Jake looked over his shoulder at the massive levee. Hardwoods, saplings, and underbrush covered a good sixty yards of the flatland at the base of the levee. Mackie rode on the top of the levee, which was at least twenty feet wide and was mowed regularly. “Even drunk, it’d be hard to run off the levee road on a bicycle, and there isn’t exactly a bike trail down here.”
The sheriff wiped his knife on his pants leg. “Maybe he had to take a leak and pushed to the river.”
“Maybe.” But why would a drunk man climb down a forty-foot levee and through the woods to take a whiz? And why was Sheriff Walker so determined to convince him that Mackie had landed in the river?
The sheriff flipped his knife closed and strode toward Jake. “The fact is nobody’s seen Mackie in weeks, and his bike is on the edge of the Big Muddy.” He stopped and shoved his knife in his pocket. “You might ought to get prepared to identify a body, son.”
“The name is Jake,” he said, pushing to his feet. If Mackie didn’t have a Purple Heart and a Navy Cross tucked away somewhere in the rubble at his trailer, Jake might believe Mackie had drowned in the river. “I don’t think you’ll find a body.”
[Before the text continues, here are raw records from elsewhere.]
lemma image_edges_eq_iff_neighbours:
  assumes f: "bij_betw f A B"
    and F: "F \<subseteq> {{a, b} | a b. a \<in> A \<and> b \<in> A}"
    and G: "G \<subseteq> {{a, b} | a b. a \<in> B \<and> b \<in> B}"
  shows "(\<lambda>e. f ` e) ` F = G \<longleftrightarrow> (\<forall>x\<in>A. neighbours G (f x) = f ` neighbours F x)"
proof
  have inj: "inj_on f A" using f by (rule bij_betw_imp_inj_on)
  assume FG: "(\<lambda>e. f ` e) ` F = G"
  show "\<forall>x\<in>A. neighbours G (f x) = f ` neighbours F x"
  proof (intro ballI equalityI subsetI)
    fix x z assume x: "x \<in> A" and "z \<in> neighbours G (f x)"
    then obtain e where e: "e \<in> F" "{f x, z} = f ` e"
      using FG by (auto simp: neighbours_def)
    moreover from e(1) F obtain a b where ab: "e = {a, b}" "a \<in> A" "b \<in> A"
      by blast
    ultimately consider "f x = f a" "z = f b" | "f x = f b" "z = f a"
      by (auto simp: doubleton_eq_iff)
    then show "z \<in> f ` neighbours F x"
    proof cases
      case 1
      then have "x = a" using inj x ab by (auto simp: inj_on_eq_iff)
      then show ?thesis using 1 e ab by (auto simp: neighbours_def)
    next
      case 2
      then have "x = b" using inj x ab by (auto simp: inj_on_eq_iff)
      then have "{x, a} \<in> F" using e ab by (simp add: insert_commute)
      then show ?thesis using 2 by (auto simp: neighbours_def)
    qed
  next
    fix x z assume "z \<in> f ` neighbours F x"
    then obtain y where "{x, y} \<in> F" "z = f y"
      by (auto simp: neighbours_def)
    then have "f ` {x, y} \<in> G"
      using FG by blast
    then show "z \<in> neighbours G (f x)"
      using \<open>z = f y\<close> by (simp add: neighbours_def)
  qed
next
  assume nbrs: "\<forall>x\<in>A. neighbours G (f x) = f ` neighbours F x"
  show "(\<lambda>e. f ` e) ` F = G"
  proof (intro equalityI subsetI)
    fix g assume "g \<in> (\<lambda>e. f ` e) ` F"
    then obtain a b where ab: "{a, b} \<in> F" "a \<in> A" "g = {f a, f b}"
      using F by blast
    then have "f b \<in> neighbours G (f a)"
      using nbrs by (auto simp: neighbours_def)
    then show "g \<in> G"
      using ab by (simp add: neighbours_def)
  next
    fix g assume "g \<in> G"
    then obtain c d where g: "g = {c, d}" "c \<in> B"
      using G by blast
    then obtain a where a: "a \<in> A" "c = f a"
      using f by (auto simp: bij_betw_def)
    then have "d \<in> f ` neighbours F a"
      using nbrs \<open>g \<in> G\<close> g by (auto simp: neighbours_def)
    then obtain b where "{a, b} \<in> F" "d = f b"
      by (auto simp: neighbours_def)
    moreover have "g = f ` {a, b}"
      using g a \<open>d = f b\<close> by simp
    ultimately show "g \<in> (\<lambda>e. f ` e) ` F"
      by blast
  qed
qed

definition edges :: "nat \<Rightarrow> (nat \<Rightarrow> nat) \<Rightarrow> nat set set" where
  "edges N p = (\<lambda>j. {p j, p (Suc j mod N)}) ` {..<N}"

definition path_index :: "nat \<Rightarrow> (nat \<Rightarrow> nat) \<Rightarrow> nat \<Rightarrow> nat" where
  "path_index N p x = the_inv_into {..<N} p x"

definition path_succ :: "nat \<Rightarrow> (nat \<Rightarrow> nat) \<Rightarrow> nat \<Rightarrow> nat" where
  "path_succ N p x = p (Suc (path_index N p x) mod N)"

definition path_pred :: "nat \<Rightarrow> (nat \<Rightarrow> nat) \<Rightarrow> nat \<Rightarrow> nat" where
  "path_pred N p x = p ((path_index N p x + N - 1) mod N)"

lemma Suc_pred_mod: "k < N \<Longrightarrow> Suc ((k + N - 1) mod N) mod N = k"
  by (cases k) (auto simp: mod_Suc)

lemma pred_Suc_mod: "j < N \<Longrightarrow> (Suc j mod N + N - 1) mod N = j"
  by (cases "Suc j = N") auto

context
  fixes N :: nat and p :: "nat \<Rightarrow> nat"
  assumes path: "is_path N p"
begin

lemma path_less: "j < N \<Longrightarrow> p j < N"
  using path by (auto simp: is_path_def bij_betw_def)

lemma path_inj_iff: "i < N \<Longrightarrow> j < N \<Longrightarrow> p i = p j \<longleftrightarrow> i = j"
  using path by (auto simp: is_path_def bij_betw_def inj_on_eq_iff)

lemma path_index_less: "x < N \<Longrightarrow> path_index N p x < N"
  using path unfolding is_path_def path_index_def
  by (metis bij_betw_the_inv_into bij_betw_apply lessThan_iff)

lemma path_path_index: "x < N \<Longrightarrow> p (path_index N p x) = x"
  using path unfolding is_path_def path_index_def
  by (simp add: f_the_inv_into_f_bij_betw)

lemma path_index_path: "j < N \<Longrightarrow> path_index N p (p j) = j"
  using path unfolding is_path_def path_index_def
  by (simp add: bij_betw_def the_inv_into_f_f)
“It’s only a matter of time before the Old Muddy coughs him up.”
“What makes you so sure Mackie is in that river?”
“Evidence.” He pointed to the bike. “And common sense.”
That was just it. Too easy. Someone wanted it to look like Mackie had landed in the Mississippi. Jake turned to the river. Sunlight bounced off the ripples and swirls as it pushed its way southward. No one questioned the power beneath the calm. Mackie knew the river better than anyone. He knew no one would question his fate with the evidence on the bank. Jake’s gut told him Mackie was alive and well. Or alive and drunk at least. But why didn’t he want to be found?
* * *
“You broke what?” Jake said into his cell phone. Leaves crunched under his feet as he hiked back to Holly Grove from the river. Did Holly say she had busted Duke’s balls? “My signal must be bad.”
“Gold Member. I need you to fix it,” Holly said.
“Fix what?” Jake stopped. Maybe he could hear better if he wasn’t tromping through the leaves.
“Never mind. Where are you?”
“I’m walking back from the river. Why?”
“I’ve got it with me. Meet me at the hangar.” The phone clicked.
Jake held the phone away from his ear and looked at it as though it could interpret what she’d said. He rolled his neck in a circle. Par for the course at the circus she called Holly Grove. At least she wasn’t wigging out about a ghost this time.
Whatever she’d broken, he could fix it. He only wished fixing the trouble at Holly Grove would be as easy.
By the time he arrived, Holly was inside the hangar. She wore the tight little jeans she’d worn the first day he saw her and a T-shirt with DOMESTIC DIVA emblazoned across the front. She paced back and forth across the concrete floor, beside a workbench.
“Hey, diva. What’s up?”
Her curls bounced when she spun in his direction. “Diva?”
Jake gave the hem of her T-shirt a playful jerk.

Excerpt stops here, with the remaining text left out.